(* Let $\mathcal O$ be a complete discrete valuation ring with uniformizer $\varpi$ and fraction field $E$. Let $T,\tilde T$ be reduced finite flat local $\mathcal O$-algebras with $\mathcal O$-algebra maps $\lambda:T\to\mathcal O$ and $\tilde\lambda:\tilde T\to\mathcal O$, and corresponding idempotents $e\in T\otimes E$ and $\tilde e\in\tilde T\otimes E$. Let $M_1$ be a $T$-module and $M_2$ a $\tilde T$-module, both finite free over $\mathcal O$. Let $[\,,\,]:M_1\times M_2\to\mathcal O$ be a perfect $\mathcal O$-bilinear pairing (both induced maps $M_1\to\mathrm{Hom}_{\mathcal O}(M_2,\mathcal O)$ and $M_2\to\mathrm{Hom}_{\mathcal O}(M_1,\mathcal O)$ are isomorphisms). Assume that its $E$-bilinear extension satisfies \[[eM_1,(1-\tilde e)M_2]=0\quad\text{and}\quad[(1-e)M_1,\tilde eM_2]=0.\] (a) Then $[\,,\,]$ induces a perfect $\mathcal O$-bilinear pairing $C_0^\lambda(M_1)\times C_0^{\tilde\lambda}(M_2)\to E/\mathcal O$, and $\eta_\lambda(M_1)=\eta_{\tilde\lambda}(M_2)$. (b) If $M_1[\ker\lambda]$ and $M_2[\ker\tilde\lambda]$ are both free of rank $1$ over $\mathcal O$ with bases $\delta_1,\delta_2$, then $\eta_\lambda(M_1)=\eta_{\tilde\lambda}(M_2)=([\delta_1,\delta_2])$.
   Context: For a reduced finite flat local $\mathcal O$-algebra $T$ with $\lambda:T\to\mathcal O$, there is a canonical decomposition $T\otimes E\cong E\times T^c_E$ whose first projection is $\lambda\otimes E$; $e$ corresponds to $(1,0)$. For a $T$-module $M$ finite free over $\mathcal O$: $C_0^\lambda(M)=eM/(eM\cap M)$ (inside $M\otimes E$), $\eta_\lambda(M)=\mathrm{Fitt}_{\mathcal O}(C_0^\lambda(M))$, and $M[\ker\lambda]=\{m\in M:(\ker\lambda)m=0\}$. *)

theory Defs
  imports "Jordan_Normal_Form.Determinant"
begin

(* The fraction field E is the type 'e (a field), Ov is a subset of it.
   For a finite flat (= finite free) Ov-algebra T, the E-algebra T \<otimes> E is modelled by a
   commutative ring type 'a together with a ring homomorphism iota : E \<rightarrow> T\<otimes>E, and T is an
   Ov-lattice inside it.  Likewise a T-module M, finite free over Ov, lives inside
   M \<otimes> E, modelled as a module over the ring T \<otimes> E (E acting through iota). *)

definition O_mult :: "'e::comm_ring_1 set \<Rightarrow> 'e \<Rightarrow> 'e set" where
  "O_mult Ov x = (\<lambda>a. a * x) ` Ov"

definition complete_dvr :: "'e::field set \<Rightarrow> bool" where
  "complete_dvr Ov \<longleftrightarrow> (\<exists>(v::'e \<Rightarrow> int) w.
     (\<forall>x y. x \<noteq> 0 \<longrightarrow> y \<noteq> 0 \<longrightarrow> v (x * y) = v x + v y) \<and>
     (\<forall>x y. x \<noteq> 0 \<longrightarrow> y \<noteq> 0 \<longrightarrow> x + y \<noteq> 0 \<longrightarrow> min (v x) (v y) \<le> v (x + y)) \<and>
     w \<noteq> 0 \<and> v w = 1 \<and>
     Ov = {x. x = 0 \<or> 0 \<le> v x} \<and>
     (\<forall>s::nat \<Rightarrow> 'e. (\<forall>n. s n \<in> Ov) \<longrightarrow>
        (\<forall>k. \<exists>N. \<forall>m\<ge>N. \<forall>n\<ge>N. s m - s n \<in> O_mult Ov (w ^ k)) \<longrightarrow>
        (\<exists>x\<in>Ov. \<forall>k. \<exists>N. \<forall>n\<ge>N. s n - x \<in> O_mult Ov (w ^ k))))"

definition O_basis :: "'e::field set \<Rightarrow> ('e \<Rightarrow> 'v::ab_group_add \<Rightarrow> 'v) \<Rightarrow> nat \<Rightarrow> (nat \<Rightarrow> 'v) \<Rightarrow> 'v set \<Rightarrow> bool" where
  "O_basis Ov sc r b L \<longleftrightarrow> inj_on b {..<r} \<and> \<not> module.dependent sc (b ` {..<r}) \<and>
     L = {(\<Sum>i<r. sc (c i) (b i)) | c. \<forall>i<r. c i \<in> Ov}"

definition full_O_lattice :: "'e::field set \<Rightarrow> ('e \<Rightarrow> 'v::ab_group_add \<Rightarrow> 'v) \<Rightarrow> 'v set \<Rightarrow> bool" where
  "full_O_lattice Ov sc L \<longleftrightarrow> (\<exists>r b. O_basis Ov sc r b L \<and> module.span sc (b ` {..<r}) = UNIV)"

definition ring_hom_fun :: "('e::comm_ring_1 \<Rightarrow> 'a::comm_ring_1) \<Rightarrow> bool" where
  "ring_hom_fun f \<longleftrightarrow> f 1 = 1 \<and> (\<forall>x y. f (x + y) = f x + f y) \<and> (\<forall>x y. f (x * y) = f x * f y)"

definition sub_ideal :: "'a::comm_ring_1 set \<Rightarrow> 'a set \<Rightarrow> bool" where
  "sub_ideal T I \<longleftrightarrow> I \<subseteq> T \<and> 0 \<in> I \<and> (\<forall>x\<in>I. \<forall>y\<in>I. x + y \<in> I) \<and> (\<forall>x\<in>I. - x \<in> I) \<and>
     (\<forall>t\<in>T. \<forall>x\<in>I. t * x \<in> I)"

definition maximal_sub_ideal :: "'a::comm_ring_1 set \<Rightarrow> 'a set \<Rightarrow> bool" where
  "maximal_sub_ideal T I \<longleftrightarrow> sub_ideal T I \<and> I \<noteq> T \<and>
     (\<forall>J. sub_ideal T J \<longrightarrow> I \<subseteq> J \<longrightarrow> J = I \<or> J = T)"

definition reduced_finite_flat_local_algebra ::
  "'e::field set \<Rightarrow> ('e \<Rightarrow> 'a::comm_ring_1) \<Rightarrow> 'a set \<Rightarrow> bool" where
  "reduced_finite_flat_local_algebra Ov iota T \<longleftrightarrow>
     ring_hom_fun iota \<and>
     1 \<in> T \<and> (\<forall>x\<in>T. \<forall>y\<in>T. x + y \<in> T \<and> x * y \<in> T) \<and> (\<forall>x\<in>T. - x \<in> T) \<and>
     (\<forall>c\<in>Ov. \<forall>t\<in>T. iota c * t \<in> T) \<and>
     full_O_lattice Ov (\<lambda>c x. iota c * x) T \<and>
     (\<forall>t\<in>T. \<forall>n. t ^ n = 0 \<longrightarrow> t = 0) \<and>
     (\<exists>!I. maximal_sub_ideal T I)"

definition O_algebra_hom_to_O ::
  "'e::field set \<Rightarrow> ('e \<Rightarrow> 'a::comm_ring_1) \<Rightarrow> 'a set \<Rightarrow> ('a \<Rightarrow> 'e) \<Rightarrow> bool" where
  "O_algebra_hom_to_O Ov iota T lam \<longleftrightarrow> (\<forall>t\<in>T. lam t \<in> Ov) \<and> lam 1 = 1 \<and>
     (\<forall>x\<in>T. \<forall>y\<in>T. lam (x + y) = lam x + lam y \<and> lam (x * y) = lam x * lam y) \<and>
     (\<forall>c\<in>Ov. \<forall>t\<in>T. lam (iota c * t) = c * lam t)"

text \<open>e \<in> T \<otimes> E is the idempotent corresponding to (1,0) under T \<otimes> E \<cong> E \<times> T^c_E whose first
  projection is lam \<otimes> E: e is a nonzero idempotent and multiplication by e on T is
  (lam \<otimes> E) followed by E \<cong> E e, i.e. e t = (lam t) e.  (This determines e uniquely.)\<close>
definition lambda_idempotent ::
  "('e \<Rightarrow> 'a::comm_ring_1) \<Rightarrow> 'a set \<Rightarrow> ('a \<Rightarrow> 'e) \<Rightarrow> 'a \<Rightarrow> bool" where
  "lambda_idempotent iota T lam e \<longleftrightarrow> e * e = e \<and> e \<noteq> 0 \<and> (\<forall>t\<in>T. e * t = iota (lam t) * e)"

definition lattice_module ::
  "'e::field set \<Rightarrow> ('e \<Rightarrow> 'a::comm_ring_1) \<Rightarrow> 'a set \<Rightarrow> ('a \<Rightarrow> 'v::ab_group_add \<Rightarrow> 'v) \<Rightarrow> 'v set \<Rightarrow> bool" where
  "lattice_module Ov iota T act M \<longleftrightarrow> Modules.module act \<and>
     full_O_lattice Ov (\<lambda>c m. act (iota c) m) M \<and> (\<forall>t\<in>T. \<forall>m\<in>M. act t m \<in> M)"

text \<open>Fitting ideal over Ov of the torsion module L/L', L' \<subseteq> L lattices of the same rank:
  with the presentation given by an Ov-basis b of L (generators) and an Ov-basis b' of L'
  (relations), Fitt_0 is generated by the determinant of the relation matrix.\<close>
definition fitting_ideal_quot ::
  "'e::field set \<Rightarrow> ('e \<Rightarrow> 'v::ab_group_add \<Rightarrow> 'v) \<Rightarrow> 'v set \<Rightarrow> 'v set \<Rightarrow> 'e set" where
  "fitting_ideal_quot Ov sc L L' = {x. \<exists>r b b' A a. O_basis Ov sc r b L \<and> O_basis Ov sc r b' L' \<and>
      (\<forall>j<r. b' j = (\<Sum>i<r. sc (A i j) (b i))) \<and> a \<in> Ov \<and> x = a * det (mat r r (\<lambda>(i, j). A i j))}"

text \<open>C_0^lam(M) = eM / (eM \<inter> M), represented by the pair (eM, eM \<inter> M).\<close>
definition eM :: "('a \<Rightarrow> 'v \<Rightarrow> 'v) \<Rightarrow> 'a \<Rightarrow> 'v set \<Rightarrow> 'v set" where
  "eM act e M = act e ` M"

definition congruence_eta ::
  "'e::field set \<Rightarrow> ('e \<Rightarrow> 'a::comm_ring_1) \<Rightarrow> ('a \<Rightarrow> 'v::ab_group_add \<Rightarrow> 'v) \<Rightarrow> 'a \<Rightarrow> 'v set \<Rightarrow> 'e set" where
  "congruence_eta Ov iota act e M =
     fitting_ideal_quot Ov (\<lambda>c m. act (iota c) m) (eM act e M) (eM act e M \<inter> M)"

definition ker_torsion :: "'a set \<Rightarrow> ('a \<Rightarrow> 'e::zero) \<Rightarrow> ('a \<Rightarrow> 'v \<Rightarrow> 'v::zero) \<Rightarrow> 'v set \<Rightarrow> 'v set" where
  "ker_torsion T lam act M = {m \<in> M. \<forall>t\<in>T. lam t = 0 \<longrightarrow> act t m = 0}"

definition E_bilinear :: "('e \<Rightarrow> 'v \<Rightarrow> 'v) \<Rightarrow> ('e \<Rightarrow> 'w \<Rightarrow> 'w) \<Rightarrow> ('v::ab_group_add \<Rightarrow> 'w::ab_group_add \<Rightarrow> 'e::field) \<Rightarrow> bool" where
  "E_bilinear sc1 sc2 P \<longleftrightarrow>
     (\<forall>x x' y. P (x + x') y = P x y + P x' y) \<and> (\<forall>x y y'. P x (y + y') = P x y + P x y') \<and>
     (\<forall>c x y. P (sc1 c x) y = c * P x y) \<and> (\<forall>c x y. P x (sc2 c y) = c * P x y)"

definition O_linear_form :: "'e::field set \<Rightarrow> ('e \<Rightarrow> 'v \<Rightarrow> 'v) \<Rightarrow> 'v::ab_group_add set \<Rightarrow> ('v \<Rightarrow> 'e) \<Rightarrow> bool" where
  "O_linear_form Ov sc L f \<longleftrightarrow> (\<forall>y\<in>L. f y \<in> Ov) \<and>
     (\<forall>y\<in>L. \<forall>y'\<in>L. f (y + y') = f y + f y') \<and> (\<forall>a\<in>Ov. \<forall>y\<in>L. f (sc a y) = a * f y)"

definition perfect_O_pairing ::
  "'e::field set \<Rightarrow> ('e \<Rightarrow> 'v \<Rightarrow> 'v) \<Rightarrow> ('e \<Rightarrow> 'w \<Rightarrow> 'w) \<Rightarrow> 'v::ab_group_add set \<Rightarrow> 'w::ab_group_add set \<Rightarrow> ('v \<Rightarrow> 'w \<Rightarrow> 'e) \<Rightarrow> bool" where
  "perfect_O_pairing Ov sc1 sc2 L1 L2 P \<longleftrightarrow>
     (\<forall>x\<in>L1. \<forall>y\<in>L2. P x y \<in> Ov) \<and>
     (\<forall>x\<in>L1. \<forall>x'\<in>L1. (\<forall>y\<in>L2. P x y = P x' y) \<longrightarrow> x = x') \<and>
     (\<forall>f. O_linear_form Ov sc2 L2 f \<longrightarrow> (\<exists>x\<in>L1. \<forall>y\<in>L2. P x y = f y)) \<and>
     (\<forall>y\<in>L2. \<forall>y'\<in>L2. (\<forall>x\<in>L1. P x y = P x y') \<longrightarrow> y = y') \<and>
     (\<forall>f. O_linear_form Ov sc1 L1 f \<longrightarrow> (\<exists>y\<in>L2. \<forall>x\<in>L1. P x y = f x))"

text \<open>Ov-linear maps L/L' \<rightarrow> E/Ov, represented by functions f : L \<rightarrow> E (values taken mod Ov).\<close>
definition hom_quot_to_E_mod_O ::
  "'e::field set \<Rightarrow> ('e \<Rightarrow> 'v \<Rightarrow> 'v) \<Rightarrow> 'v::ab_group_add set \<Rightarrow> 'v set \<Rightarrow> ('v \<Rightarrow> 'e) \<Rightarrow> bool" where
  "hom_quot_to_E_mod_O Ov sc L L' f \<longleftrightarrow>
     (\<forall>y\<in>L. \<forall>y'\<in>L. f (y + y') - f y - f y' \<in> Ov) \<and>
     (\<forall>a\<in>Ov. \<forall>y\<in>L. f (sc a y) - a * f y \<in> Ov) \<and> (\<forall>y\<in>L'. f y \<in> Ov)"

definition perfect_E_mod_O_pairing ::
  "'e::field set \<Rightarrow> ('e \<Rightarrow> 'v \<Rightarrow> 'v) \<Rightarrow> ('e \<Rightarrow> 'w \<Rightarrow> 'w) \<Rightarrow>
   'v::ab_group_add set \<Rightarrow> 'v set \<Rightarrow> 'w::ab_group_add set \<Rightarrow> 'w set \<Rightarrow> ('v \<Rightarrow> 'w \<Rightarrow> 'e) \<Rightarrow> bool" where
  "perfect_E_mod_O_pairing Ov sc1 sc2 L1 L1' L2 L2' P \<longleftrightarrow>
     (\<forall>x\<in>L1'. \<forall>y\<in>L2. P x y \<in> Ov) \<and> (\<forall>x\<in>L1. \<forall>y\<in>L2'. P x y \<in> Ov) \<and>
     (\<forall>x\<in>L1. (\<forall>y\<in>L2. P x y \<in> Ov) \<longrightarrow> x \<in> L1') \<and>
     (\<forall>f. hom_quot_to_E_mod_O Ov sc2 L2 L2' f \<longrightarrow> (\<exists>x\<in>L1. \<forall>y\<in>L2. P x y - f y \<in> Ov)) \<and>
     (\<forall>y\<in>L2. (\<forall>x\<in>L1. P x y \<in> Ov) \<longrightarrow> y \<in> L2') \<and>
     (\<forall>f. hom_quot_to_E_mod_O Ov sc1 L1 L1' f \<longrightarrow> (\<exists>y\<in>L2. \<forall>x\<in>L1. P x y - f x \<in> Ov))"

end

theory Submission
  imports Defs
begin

-=-=-=-=-

Word for word, restate the lines of the data above that fall between the line holding "L' f \<longleftrightarrow>" and the line holding "(\<forall>f. hom_quot_to_E_mod_O Ov sc2", inclusive, and no other lines.

* **Solution for this problem**
  "hom_quot_to_E_mod_O Ov sc L L' f \<longleftrightarrow>
     (\<forall>y\<in>L. \<forall>y'\<in>L. f (y + y') - f y - f y' \<in> Ov) \<and>
     (\<forall>a\<in>Ov. \<forall>y\<in>L. f (sc a y) - a * f y \<in> Ov) \<and> (\<forall>y\<in>L'. f y \<in> Ov)"

definition perfect_E_mod_O_pairing ::
  "'e::field set \<Rightarrow> ('e \<Rightarrow> 'v \<Rightarrow> 'v) \<Rightarrow> ('e \<Rightarrow> 'w \<Rightarrow> 'w) \<Rightarrow>
   'v::ab_group_add set \<Rightarrow> 'v set \<Rightarrow> 'w::ab_group_add set \<Rightarrow> 'w set \<Rightarrow> ('v \<Rightarrow> 'w \<Rightarrow> 'e) \<Rightarrow> bool" where
  "perfect_E_mod_O_pairing Ov sc1 sc2 L1 L1' L2 L2' P \<longleftrightarrow>
     (\<forall>x\<in>L1'. \<forall>y\<in>L2. P x y \<in> Ov) \<and> (\<forall>x\<in>L1. \<forall>y\<in>L2'. P x y \<in> Ov) \<and>
     (\<forall>x\<in>L1. (\<forall>y\<in>L2. P x y \<in> Ov) \<longrightarrow> x \<in> L1') \<and>
     (\<forall>f. hom_quot_to_E_mod_O Ov sc2 L2 L2' f \<longrightarrow> (\<exists>x\<in>L1. \<forall>y\<in>L2. P x y - f y \<in> Ov)) \<and>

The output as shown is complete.